Unable to boot Linux servers when failed over
Symptoms
Running "emcpbfs_linux config" script to configure PowerPath to boot from the R1 script and tried booting from the new grub entry that it created and it booted fine as expected. However, when failing over it does not work. Powerpath is not detecting the devices when running at site R2 , and therefore the LVM filter in the ramdisk image which is set to only accept emcpower devices doesn't find any of the PVs, causing the server to not be able to boot
Running the script with a 20-second sleep in it the server actually booted up without problems when it had been failed over (and with the same pseudo-device names)

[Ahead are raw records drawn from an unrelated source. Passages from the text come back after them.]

lemma pseudo_C_convex_weighted_sum:
  fixes S :: "('a::t2_space \<Rightarrow> complex) set" and n :: nat
  assumes ps: "pseudo_C_convex S" and sub: "sub_Stonean TYPE('a)"
    and "\<forall>i<n. f i \<in> S" "\<forall>i<n. continuous_on UNIV (w i)" "\<forall>i<n. \<forall>x. 0 \<le> w i x"
    and "\<forall>x. (\<Sum>i<n. w i x) = 1"
  shows "(\<lambda>x. \<Sum>i<n. complex_of_real (w i x) * f i x) \<in> S"
  using assms(3-)
proof (induction n arbitrary: f w rule: induct_nat_012)
  case 0
  then show ?case by simp
next
  case 1
  then show ?case by (simp add: fun_eq_iff)
next
  case (ge2 m)
  let ?wsum = "\<lambda>x. w m x + w (Suc m) x"
  have cont: "continuous_on UNIV (w m)" "continuous_on UNIV (w (Suc m))"
    and nonneg: "\<And>x. 0 \<le> w m x" "\<And>x. 0 \<le> w (Suc m) x"
    using ge2.prems(2,3) by auto
  obtain a where a: "continuous_on UNIV a" "\<And>x. a x \<in> {0..1}" "\<And>x. a x * ?wsum x = w m x"
    by (rule sub_Stonean_ratio_extension[OF sub cont(1) continuous_on_add[OF cont]])
      (use nonneg in \<open>auto intro: add_increasing2\<close>)
  define h where "h x = complex_of_real (a x) * f m x + complex_of_real (1 - a x) * f (Suc m) x" for x
  have "h \<in> S" unfolding h_def using ge2.prems a(1,2)
    by (intro pseudo_C_convex_real_combination[OF ps]) auto
  have merge: "complex_of_real (?wsum x) * h x =
      complex_of_real (w m x) * f m x + complex_of_real (w (Suc m) x) * f (Suc m) x" for x
  proof -
    have "complex_of_real (?wsum x) * h x = complex_of_real (a x * ?wsum x) * f m x
        + complex_of_real ((1 - a x) * ?wsum x) * f (Suc m) x"
      unfolding h_def of_real_mult by (simp add: algebra_simps)
    also have "(1 - a x) * ?wsum x = w (Suc m) x" using a(3)[of x] by (simp add: algebra_simps)
    finally show ?thesis using a(3)[of x] by simp
  qed
  define f' where "f' = f(m := h)"
  define w' where "w' = w(m := ?wsum)"
  have sum_prefix: "(\<Sum>i<m. g (w' i x) (f' i x)) = (\<Sum>i<m. g (w i x) (f i x))"
    for g :: "real \<Rightarrow> complex \<Rightarrow> 'b::comm_monoid_add" and x
    unfolding f'_def w'_def by (intro sum.cong) auto
  have "(\<lambda>x. \<Sum>i<Suc m. complex_of_real (w' i x) * f' i x) \<in> S"
  proof (rule ge2.IH(2))
    show "\<forall>i<Suc m. f' i \<in> S" using ge2.prems(1) \<open>h \<in> S\<close> unfolding f'_def by auto
    show "\<forall>i<Suc m. continuous_on UNIV (w' i)"
      using ge2.prems(2) unfolding w'_def by (auto intro: continuous_on_add)
    show "\<forall>i<Suc m. \<forall>x. 0 \<le> w' i x"
      using ge2.prems(3) unfolding w'_def by (auto intro: add_nonneg_nonneg)
    show "\<forall>x. (\<Sum>i<Suc m. w' i x) = 1"
      using ge2.prems(4) sum_prefix[of "\<lambda>u v. u"] by (simp add: w'_def add.assoc)
  qed
  moreover have "(\<lambda>x. \<Sum>i<Suc m. complex_of_real (w' i x) * f' i x) =
      (\<lambda>x. \<Sum>i<Suc (Suc m). complex_of_real (w i x) * f i x)"
  proof
    fix x
    have "(\<Sum>i<Suc m. complex_of_real (w' i x) * f' i x) =
        (\<Sum>i<m. complex_of_real (w i x) * f i x) + complex_of_real (?wsum x) * h x"
      using sum_prefix[of "\<lambda>u v. complex_of_real u * v" x] by (simp add: f'_def w'_def)
    also have "\<dots> = (\<Sum>i<Suc (Suc m). complex_of_real (w i x) * f i x)"
      unfolding merge by (simp add: add.assoc)
    finally show "(\<Sum>i<Suc m. complex_of_real (w' i x) * f' i x) =
        (\<Sum>i<Suc (Suc m). complex_of_real (w i x) * f i x)" .
  qed
  ultimately show ?case by (simp only:)
qed
text \<open>
  Write \<open>q = exp (-\<epsilon>)\<close>. The hypothesis on \<open>k\<close> says precisely that \<open>\<delta> = Pr[X = k]\<close>.

  The optimal primitive is obtained by iterating the step
  \<open>x \<mapsto> min (exp \<epsilon> * x + \<delta>) (min (1 - q * (1 - x - \<delta>)) 1)\<close> from 0: every DP primitive
  stays below the iterates because the step is monotone, and the iterates are DP themselves
  because they increase and stay in \<open>[0, 1]\<close>.

  The tail \<open>g n = Pr[n + X \<ge> k + 1]\<close> grows by \<open>Pr[X = k - n]\<close> from \<open>n\<close> to \<open>n + 1\<close>.
  For \<open>n \<le> k\<close> the atoms grow geometrically by the factor \<open>exp \<epsilon>\<close> and the last one is \<open>\<delta>\<close>,
  so \<open>g (n + 1) = exp \<epsilon> * g n + \<delta>\<close>; for \<open>k \<le> n \<le> 2 k\<close> the symmetry of \<open>X\<close> gives the dual
  identity \<open>1 - g n = exp \<epsilon> * (1 - g (n + 1)) + \<delta>\<close>; beyond \<open>2 k\<close> the tail is 1. Since
  \<open>(exp \<epsilon> + 1) * g k + \<delta> = 1\<close> and \<open>g (2 k) + \<delta> = 1\<close>, these regimes are exactly those in which
  the corresponding branch of the minimum is active, so \<open>g\<close> follows the recursion of the optimal
  primitive.
\<close>

lemma rho_prob_eq:
  "rho_prob \<pi> n S = (if True \<in> S then \<pi> n else 0) + (if False \<in> S then 1 - \<pi> n else 0)"
proof -
  have "rho_prob \<pi> n S = (\<Sum>b\<in>UNIV. if b \<in> S then (if b then \<pi> n else 1 - \<pi> n) else 0)"
    unfolding rho_prob_def by (simp flip: sum.inter_restrict)
  then show ?thesis by (simp add: UNIV_bool)
qed

lemma rho_prob_bound_iff:
  assumes "0 \<le> \<delta>" "1 \<le> E"
  shows "(\<forall>S. rho_prob \<pi> n S \<le> E * rho_prob \<pi> n' S + \<delta>) \<longleftrightarrow>
    \<pi> n \<le> E * \<pi> n' + \<delta> \<and> 1 - \<pi> n \<le> E * (1 - \<pi> n') + \<delta>"
proof
  assume "\<forall>S. rho_prob \<pi> n S \<le> E * rho_prob \<pi> n' S + \<delta>"
  from this[rule_format, of "{True}"] this[rule_format, of "{False}"]
  show "\<pi> n \<le> E * \<pi> n' + \<delta> \<and> 1 - \<pi> n \<le> E * (1 - \<pi> n') + \<delta>"
    by (simp add: rho_prob_eq)
next
  assume "\<pi> n \<le> E * \<pi> n' + \<delta> \<and> 1 - \<pi> n \<le> E * (1 - \<pi> n') + \<delta>"
  with assms show "\<forall>S. rho_prob \<pi> n S \<le> E * rho_prob \<pi> n' S + \<delta>"
    by (auto simp: rho_prob_eq algebra_simps)
qed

Running the script without the sleep exhibited the same symptoms of looping trying to find the volume group and the server didn't boot up.
Cause
When script was run without sleep: the first time the FC link is still not up and the native SCSI devices are still not configured on the host.
But there is one internal disk (/dev/sda) which is already configured by this time. So the script assumes the native boot devices are already configured and continues to try and create the emcpower device. But since the R2 devices are still not up, this fails.
Basically from the script the below if condition succeeds because sdfound is set to 1 even though the boot device is not present.
if [ ${count1} -eq ${count2} ] && [ "${sdfound}" -eq 1 ]; then /etc/opt/emcpower/emcpmgr map -p
<snip of log without sleep>
COUNT: getsddevs return 1
COUNT1: getsddevs return 1
COUNT: getsddevs return 1
COUNT2: getsddevs return 1
/dev/sda
/dev/emcpower
<snip>
<snip of log with sleep>
COUNT: getsddevs return 25
COUNT1: getsddevs return 25
COUNT: getsddevs return 25
COUNT2: getsddevs return 25
/dev/sda /dev/sdb /dev/sdc /dev/sdd /dev/sde /dev/sdf /dev/sdg /dev/sdh /dev/sdi /dev/sdj /dev/sdk /dev/sdl /dev/sdm /dev/sdn /dev/sdo /dev/sdp /dev/sdq /dev/sdr /dev/sds /dev/sdt /dev/sdu /dev/sdv /dev/sdw /dev/sdx /dev/sdy
sdc: unknown partition table
sde: unknown partition table
sdf: unknown partition table
sdg: unknown partition table
sdo: unknown partition table
sdq: unknown partition table
sdr: unknown partition table
emcpowera:
emcpowera1 emcpowera2
/dev/emcpower
/dev/emcpowera
/dev/emcpowera1
/dev/emcpowera2
<snip>
Resolution
Workaround:
Disabling this internal disk from BIOS during boot and then try the failover (without the sleep).
With this as well, the boot should succeed without any issues as the script has a check to ensure that the count is greater than 0 when it tries to create the emcpower device.
Permanent fix :
there's no permanent fix as R1/R2 boot with an internal disk is not a recommended setup. The complexity is because the script will not be able to identify if the boot disk is already configured or not. And this script is not specific to R1/R2 boot scenarios. The same script needs to work on normal Boot from SAN setups as well. Adding sleep when not required would not be a very good idea.
Engineering will document that this config is not supported in Powerpath installation and administration guide.